The Conditionality Problem
Donors such as the UK government provide aid in two ways: multilaterally and bilaterally. Multilateral aid is that which is provided jointly with other donors. The most important multilateral donor institutions are the World Bank (the Bank) and International Monetary (IMF) sister organisations, known together as the Bretton Woods Institutions (BWIs). These two organisations were established at the end of the Second World War at the Bretton Woods conference to provide loans to assist Europe with its reconstruction and provide short term balance of payments support to prevent financial crises respectively. However, by the 1980s one of the main functions of these organisations had become making loans to poor countries on the condition that they took on neo-liberal economic programs (privatisation, trade and financial liberalisation, reduced government spending etc) – then known as ‘Structural Adjustment Programs’ (SAPs). The programs were highly unpopular throughout the world as they were associated with rising unemployment, poverty and a reduction in services on the one hand, and booming profits for the rich on the other. They sparked ‘IMF riots’ in countries throughout the South, and eventually mass protests from solidarity movements in the North.
The global resistance forced a change in tactics from the BWIs and SAPs were officially dropped in 2000 in favour of Poverty Reduction Strategy Papers (PRSPs), which have been in force since. These PRSPs are supposed to be ‘participatory’ in that they are based on ‘broad based consultation’ with different sectors of poor country populations. However, in reality, the IMF and Bank continue to dictate the content of the papers, cynically presenting their views as those of populations within poor countries. Numerous extensive studies on the PRSP process point to the illusory nature of the ‘participatory’ aspect. A Swedish based poverty reduction coalition, including Save the Children Sweden, has reported in its study of the PRSP process that there is both “a widespread failure to facilitate broad based participation and poor quality participatory processes for those who can participate.” “Examples of the failure to facilitate broad based participation” include, a “Lack of frameworks for the participation of… Women… young people, indigenous groups and rural communities and their consequent exclusion…” Furthermore, “Parliaments have been barely involved in the process undermining their role in national policy making…” Examples of “poor quality participation processes for those who do participate” include that “Most governments equated notification with consultation”, that is, telling their populations what economic programs they had decided on without allowing the populations to have a say in the decisions. These findings are backed up by a study covering several years by the network of German development non-governmental organisations (NGOs), VENRO, which found that “For most of the countries examined, the poverty reduction strategies are dominated by an alliance of technocrats of the respective governments and influential international institutions, in particular, the IMF, the World Bank and a handful of bilateral donors.” Other reports document similar findings.

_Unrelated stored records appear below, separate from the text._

(* Let $|p|<1$ and let $a,b,q,r,s,t$ be nonzero complex numbers such that all expressions below are well defined. Then for every integer $n\ge1$, \begin{align*} \sum_{k=0}^n&\frac{\theta\big(a(rst/q)^k,\,br^k/q^k,\,s^{k-n}/q^k,\,as^nt^k/(bq^k);p\big)}{\theta\big(a,\,b,\,s^{-n},\,as^n/b;p\big)}\\ &\times\frac{(a;rst/q^2,p)_k(b;r,p)_k(s^{-n};s,p)_k(as^n/b;t,p)_k}{(q;q,p)_k(ast/(bq);st/q,p)_k(as^nrt/q;rt/q,p)_k(brs^{1-n}/q;rs/q,p)_k}\,q^k=0. \end{align*}
   Context: For $|p|<1$ and $x\neq 0$, $\theta(x;p)=(x;p)_\infty(p/x;p)_\infty$ where $(x;p)_\infty=\prod_{k\ge 0}(1-xp^k)$, and $\theta(x_1,\dots,x_m;p)=\prod_{i=1}^m\theta(x_i;p)$. For $a\ne0$ and integer $k\ge0$, $(a;q,p)_k=\prod_{j=0}^{k-1}\theta(aq^j;p)$ (empty product $=1$). *)

theory Defs
  imports "HOL-Analysis.Analysis"
begin

definition qpoch_inf :: "complex \<Rightarrow> complex \<Rightarrow> complex" where
  "qpoch_inf x p = (\<Prod>k. (1 - x * p ^ k))"

definition theta :: "complex \<Rightarrow> complex \<Rightarrow> complex" where
  "theta x p = qpoch_inf x p * qpoch_inf (p / x) p"

definition theta_list :: "complex list \<Rightarrow> complex \<Rightarrow> complex" where
  "theta_list xs p = (\<Prod>x\<leftarrow>xs. theta x p)"

definition ell_poch :: "complex \<Rightarrow> complex \<Rightarrow> complex \<Rightarrow> nat \<Rightarrow> complex" where
  "ell_poch a q p k = (\<Prod>j<k. theta (a * q ^ j) p)"

end

theory Submission
  imports Defs "HOL-Complex_Analysis.Complex_Analysis"
begin

(* If a = b c d, the k-th summand of the general sum with parameters a, b, c, d equals
   N(k)/D(k) - N(k-1)/D(k-1) for explicit products N, D of elliptic shifted factorials, so the
   sum telescopes to N(n)/D(n). The theorem is the case c = s^-n, d = a s^n / b, where N(n)
   contains the factor theta(1;p) = 0.
   The difference identity is a four-term theta relation, a reparametrisation of Weierstrass'
   addition formula. That formula is proved by the classical argument: as a function of x, the
   quotient of its two sides is invariant under x -> p x and x -> 1/x and has no poles, so by
   Liouville's theorem it is constant; non-generic parameters follow by continuity. *)

section \<open>The infinite q-Pochhammer symbol\<close>

lemma abs_convergent_prod_qpoch:
  assumes "norm p < 1"
  shows "abs_convergent_prod (\<lambda>k. 1 - x * p ^ k :: complex)"
  unfolding abs_convergent_prod_conv_summable
  using assms by (auto simp: norm_mult norm_power intro!: summable_mult summable_geometric)

lemma qpoch_inf_has_prod:
  assumes "norm p < 1"
  shows "(\<lambda>k. 1 - x * p ^ k) has_prod qpoch_inf x p"
  unfolding qpoch_inf_def
  by (intro convergent_prod_has_prod abs_convergent_prod_imp_convergent_prod
      abs_convergent_prod_qpoch assms)

lemma qpoch_inf_eq_0_iff:
  assumes "norm p < 1"
  shows "qpoch_inf x p = 0 \<longleftrightarrow> (\<exists>k. x * p ^ k = 1)"
  using has_prod_eq_0_iff[OF qpoch_inf_has_prod[OF assms, of x]] by (auto simp: eq_commute[of 1])

lemma qpoch_inf_shift:
  assumes "norm p < 1"
  shows "qpoch_inf x p = (1 - x) * qpoch_inf (x * p) p"
proof (cases "x = 1")
  case True
  then show ?thesis
    using qpoch_inf_eq_0_iff[OF assms, of 1] by (auto intro: exI[of _ 0])
next
  case False
  have "convergent_prod (\<lambda>k. 1 - x * p ^ k)"
    by (intro abs_convergent_prod_imp_convergent_prod abs_convergent_prod_qpoch assms)
  from prodinf_split_head[OF this] False
  have "(\<Prod>k. 1 - x * p ^ Suc k) = qpoch_inf x p / (1 - x)"
    unfolding qpoch_inf_def by simp
  moreover have "(\<Prod>k. 1 - x * p ^ Suc k) = qpoch_inf (x * p) p"
    unfolding qpoch_inf_def by (simp add: mult_ac)
  ultimately show ?thesis
    using False by (simp add: field_simps)
qed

By 2005 the World Bank was openly back-tracking on its commitment to “participatory” programs. Instead, they only demanded that countries had “ownership” of the program – an intentionally ambiguous term. In a review of its conditionality policy a 2005 World Bank document stated that “Ownership is an elusive concept. It does not imply or even require full consensus… some form of conditionality can sometimes play a useful role in helping champions of reform push through effective measures against the determined resistance of vested interests.” The term “vested interests”, when used by the Bank, refers to workers, rural peasants, women’s’ groups and anyone else that gets in the way of investor profits. Furthermore the Bank only required that “lending should support … policies and programs for which there is some clear evidence of ownership.” It continues to explain that “In low-income countries, policies described in a poverty reduction strategy adopted by the government after broad-based consultations typically meet that expectation.” (This position was reaffirmed in 2007). By this logic PRSPs can be said to show country ownership simply by existing and with the population having been informed about them. As the Jubilee Debt campaign explains, the “Bank’s definition of ‘ownership’ seems to come from a parallel universe” whereby “a country ‘owns’ any policy chosen by the Bank and IMF behind closed doors, as long as the government agrees to go along with it. It measures ownership by whether a country implements a policy, not how it was chose.”  We can therefore see that by funding the BWIs, a large proportion of UK aid comes with conditions.
UK bilateral aid is also conditional in that it is generally provided on the condition that these PRSPs are followed. In 2005, under pressure from the Make Poverty History campaign the government released a position paper entitled “Partnerships for Poverty Reduction: Rethinking Conditionality”. In the paper it explained that “We will not make our aid conditional on specific policy decisions by partner governments, or attempt to impose policy choices on them (including in sensitive economic areas such as privatisation or trade liberalisation).” However, this was undermined by a later sentence in which it states that aid may be stopped if any country deviates from PRSPs. The sentence reads: “The circumstances in which the UK will consider reducing or interrupting aid” include if “countries move significantly away from agreed poverty reduction objectives or outcomes or the agreed objectives of a particular aid commitment (e.g. through an unjustifiable rise in military spending, or a substantial deviation from the agreed poverty reduction programme)”.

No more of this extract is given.